Load quantized text models in GGUF format by specifying the filenames.

{
  "alias": "generate/gguf",
  "task": "generate",
  "provider_id": "local/mistralrs",
  "model_id": "TheBloke/Mistral-7B-Instruct-v0.2-GGUF",
  "options": {
    "gguf_files": ["mistral-7b-instruct-v0.2.Q4_K_M.gguf"]
  }
}

Note

gguf_files is only valid with the text pipeline. Vision, diffusion, and speech pipelines do not support GGUF.

Model precision (dtype)

Control model precision with the dtype option.
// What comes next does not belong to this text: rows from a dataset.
lemma cov_diff_scaled_left:
  assumes "square_integrable M X" "square_integrable M Z" "square_integrable M Y"
  shows "cov M (\<lambda>\<omega>. X \<omega> - r * Z \<omega>) Y = cov M X Y - r * cov M Z Y"
proof -
  define cX where "cX = (\<lambda>\<omega>. X \<omega> - expect M X)"
  define cZ where "cZ = (\<lambda>\<omega>. Z \<omega> - expect M Z)"
  define cY where "cY = (\<lambda>\<omega>. Y \<omega> - expect M Y)"
  have sq: "square_integrable M cX" "square_integrable M cZ" "square_integrable M cY"
    unfolding cX_def cZ_def cY_def
    using square_integrable_add[OF assms(1) square_integrable_const, of "- expect M X"]
      square_integrable_add[OF assms(2) square_integrable_const, of "- expect M Z"]
      square_integrable_add[OF assms(3) square_integrable_const, of "- expect M Y"]
    by simp_all
  have E: "expect M (\<lambda>\<omega>. X \<omega> - r * Z \<omega>) = expect M X - r * expect M Z"
    using assms(1,2) square_integrable_integrable unfolding expect_def by simp
  have "cov M (\<lambda>\<omega>. X \<omega> - r * Z \<omega>) Y = (\<integral>\<omega>. cX \<omega> * cY \<omega> - r * (cZ \<omega> * cY \<omega>) \<partial>M)"
    unfolding cov_def E cX_def cY_def cZ_def
    by (intro Bochner_Integration.integral_cong) (simp_all add: algebra_simps)
  also have "\<dots> = cov M X Y - r * cov M Z Y"
    using sq by (simp add: integrable_mult_square_integrable cov_def cX_def cY_def cZ_def)
  finally show ?thesis .
qed

lemma Phi_eq_var_residual:
  assumes "square_integrable M X" "square_integrable M Z" "expect M Z \<noteq> 0"
  shows "Phi M X Z = var M (\<lambda>\<omega>. X \<omega> - expect M X / expect M Z * Z \<omega>) / (expect M Z)^2"
  unfolding Phi_def var_diff_scaled[OF assms(1,2)]
  using assms(3) by (simp add: power_divide field_simps eval_nat_numeral)

end

section \<open>Sample means of i.i.d. copies\<close>

lemma integral_comp_eq_if_distr_eq:
  fixes f :: "'b \<Rightarrow> real"
  assumes "X \<in> measurable M S" "Y \<in> measurable M S" "distr M S X = distr M S Y"
    and "f \<in> borel_measurable S"
  shows "integrable M (\<lambda>\<omega>. f (X \<omega>)) \<longleftrightarrow> integrable M (\<lambda>\<omega>. f (Y \<omega>))"
    and "(\<integral>\<omega>. f (X \<omega>) \<partial>M) = (\<integral>\<omega>. f (Y \<omega>) \<partial>M)"
  using integrable_distr_eq[OF assms(1,4)] integrable_distr_eq[OF assms(2,4)]
    integral_distr[OF assms(1,4)] integral_distr[OF assms(2,4)] assms(3)
  by simp_all

lemma smean_eq_weighted_sum: "smean n X = (\<lambda>\<omega>. \<Sum>i<n. 1 / real n * X i \<omega>)"
  unfolding smean_def by (simp add: fun_eq_iff sum_divide_distrib)

lemma square_integrable_smean:
  "(\<And>i. i < n \<Longrightarrow> square_integrable M (X i)) \<Longrightarrow> square_integrable M (smean n X)"
  unfolding smean_eq_weighted_sum by (intro square_integrable_sum square_integrable_cmult) auto

lemma expect_smean:
  assumes "\<And>i. i < n \<Longrightarrow> integrable M (X i)" "\<And>i. i < n \<Longrightarrow> expect M (X i) = m" "n \<ge> 1"
  shows "expect M (smean n X) = m"
proof -
  have "expect M (smean n X) = (\<Sum>i<n. 1 / real n * expect M (X i))"
    unfolding smean_eq_weighted_sum using assms(1) by (intro expect_weighted_sum) auto
  then show ?thesis
    using assms(2,3) by simp
qed

context prob_space
begin

lemma cov_eq_0_if_indep_vars:
  assumes indep: "indep_vars (\<lambda>_. borel) X I" and "i \<in> I" "j \<in> I" "i \<noteq> j"
    and "integrable M (X i)" "integrable M (X j)"
  shows "cov M (X i) (X j) = 0"
proof -
  define Y where "Y k = (\<lambda>\<omega>. X k \<omega> - expect M (X k))" for k
  have "indep_vars (\<lambda>_. borel) Y I"
    unfolding Y_def by (rule indep_vars_compose2[OF indep]) simp
  then have "indep_vars (\<lambda>_. borel) Y {i, j}"
    by (rule indep_vars_subset) (use assms in auto)
  moreover have Y: "integrable M (Y k)" if "k \<in> {i, j}" for k
    using assms that by (auto simp: Y_def)
  ultimately have "(\<integral>\<omega>. (\<Prod>k\<in>{i, j}. Y k \<omega>) \<partial>M) = (\<Prod>k\<in>{i, j}. \<integral>\<omega>. Y k \<omega> \<partial>M)"
    by (intro indep_vars_lebesgue_integral) auto
  moreover have "(\<integral>\<omega>. Y i \<omega> \<partial>M) = 0"
    using assms(5) by (simp add: Y_def expect_def prob_space)
  ultimately show ?thesis
    using \<open>i \<noteq> j\<close> by (simp add: cov_def Y_def)
qed

lemma var_smean_uncorrelated:
  assumes X: "\<And>i. i < n \<Longrightarrow> square_integrable M (X i)"
    and uncorrelated: "\<And>i j. i < n \<Longrightarrow> j < n \<Longrightarrow> i \<noteq> j \<Longrightarrow> cov M (X i) (X j) = 0"
    and var: "\<And>i. i < n \<Longrightarrow> var M (X i) = v" and "n \<ge> 1"
  shows "var M (smean n X) = v / n"
proof -
  have "var M (smean n X) = (\<Sum>i<n. \<Sum>j<n. 1 / real n * (1 / real n) * cov M (X i) (X j))"
    unfolding smean_eq_weighted_sum using X by (intro var_weighted_sum) auto
  also have "\<dots> = (\<Sum>i<n. 1 / real n * (1 / real n) * v)"
  proof (intro sum.cong refl)
    fix i assume "i \<in> {..<n}"
    then have "(\<Sum>j<n. 1 / real n * (1 / real n) * cov M (X i) (X j)) =
        (\<Sum>j<n. if j = i then 1 / real n * (1 / real n) * v else 0)"
      using uncorrelated var by (intro sum.cong) (auto simp: cov_self)
    with \<open>i \<in> {..<n}\<close> show "(\<Sum>j<n. 1 / real n * (1 / real n) * cov M (X i) (X j)) =
        1 / real n * (1 / real n) * v"
      by simp
  qed
  also have "\<dots> = v / n"
    using \<open>n \<ge> 1\<close> by simp
  finally show ?thesis .
qed

lemma smean_iid:
  fixes g :: "'b \<Rightarrow> real"
  assumes T: "T \<in> measurable M S" and Ts: "\<And>i. i < n \<Longrightarrow> Ts i \<in> measurable M S"
    and ident: "\<And>i. i < n \<Longrightarrow> distr M S (Ts i) = distr M S T"
    and indep: "indep_vars (\<lambda>_. S) Ts {..<n}"
    and g: "g \<in> borel_measurable S" and sq: "square_integrable M (\<lambda>\<omega>. g (T \<omega>))"
    and n: "n \<ge> 1"
  shows square_integrable_smean_iid: "square_integrable M (smean n (\<lambda>i \<omega>. g (Ts i \<omega>)))"
    and expect_smean_iid: "expect M (smean n (\<lambda>i \<omega>. g (Ts i \<omega>))) = expect M (\<lambda>\<omega>. g (T \<omega>))"
    and var_smean_iid: "var M (smean n (\<lambda>i \<omega>. g (Ts i \<omega>))) = var M (\<lambda>\<omega>. g (T \<omega>)) / n"
proof -
  define X where "X = (\<lambda>i \<omega>. g (Ts i \<omega>))"
  define m where "m = expect M (\<lambda>\<omega>. g (T \<omega>))"
  have g2: "(\<lambda>x. (g x)^2) \<in> borel_measurable S" "(\<lambda>x. (g x - m)^2) \<in> borel_measurable S"
    using g by measurable
  have X: "square_integrable M (X i)" if "i < n" for i
    using sq measurable_compose[OF Ts[OF that] g]
      integral_comp_eq_if_distr_eq(1)[OF Ts[OF that] T ident[OF that] g2(1)]
    unfolding square_integrable_def X_def by (simp add: comp_def)
  have EX: "expect M (X i) = m" if "i < n" for i
    unfolding expect_def X_def m_def by (rule integral_comp_eq_if_distr_eq(2)[OF Ts[OF that] T ident[OF that] g])
  have VX: "var M (X i) = var M (\<lambda>\<omega>. g (T \<omega>))" if "i < n" for i
    unfolding var_def EX[OF that] m_def[symmetric] unfolding X_def
    by (rule integral_comp_eq_if_distr_eq(2)[OF Ts[OF that] T ident[OF that] g2(2)])
  have "indep_vars (\<lambda>_. borel) X {..<n}"
    unfolding X_def by (rule indep_vars_compose2[OF indep g])
  then have CX: "cov M (X i) (X j) = 0" if "i < n" "j < n" "i \<noteq> j" for i j
    using that X by (auto intro!: cov_eq_0_if_indep_vars square_integrable_integrable)
  show "square_integrable M (smean n X)"
    using X by (rule square_integrable_smean)
  show "expect M (smean n X) = m"
    using X square_integrable_integrable EX n by (blast intro: expect_smean)
  show "var M (smean n X) = var M (\<lambda>\<omega>. g (T \<omega>)) / n"
    using X CX VX n by (rule var_smean_uncorrelated)
qed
Available on all four pipeline types.

Value Description
auto Automatic selection (BF16 on GPU, F32 on CPU)
f16 16-bit floating point
bf16 Brain floating point 16
f32 32-bit floating point

Default resolution logic:

  1. Explicit dtype value in catalog options, if set
  2. f32 when running on CPU or without GPU support
  3. auto otherwise

Example

{
  "alias": "vision/qwen",
  "task": "generate",
  "provider_id": "local/mistralrs",
  "model_id": "Qwen/Qwen2-VL-2B-Instruct",
  "options": {
    "pipeline": "vision",
    "dtype": "bf16"
  }
}

Migration from 0.1.x

The generate() API changed from &[String] to &[Message].

Before (0.1.x):

let result = generator.generate(
    &["Hello".to_string()],
    GenerationOptions::default(),
).await?;

After (0.2.0):

let result = generator.generate(
    &[Message::user("Hello")],
    GenerationOptions::default(),
).await?;

The Message::user() convenience constructor creates a single text message with MessageRole::User. For multimodal content, build Message structs directly with multiple ContentBlock entries.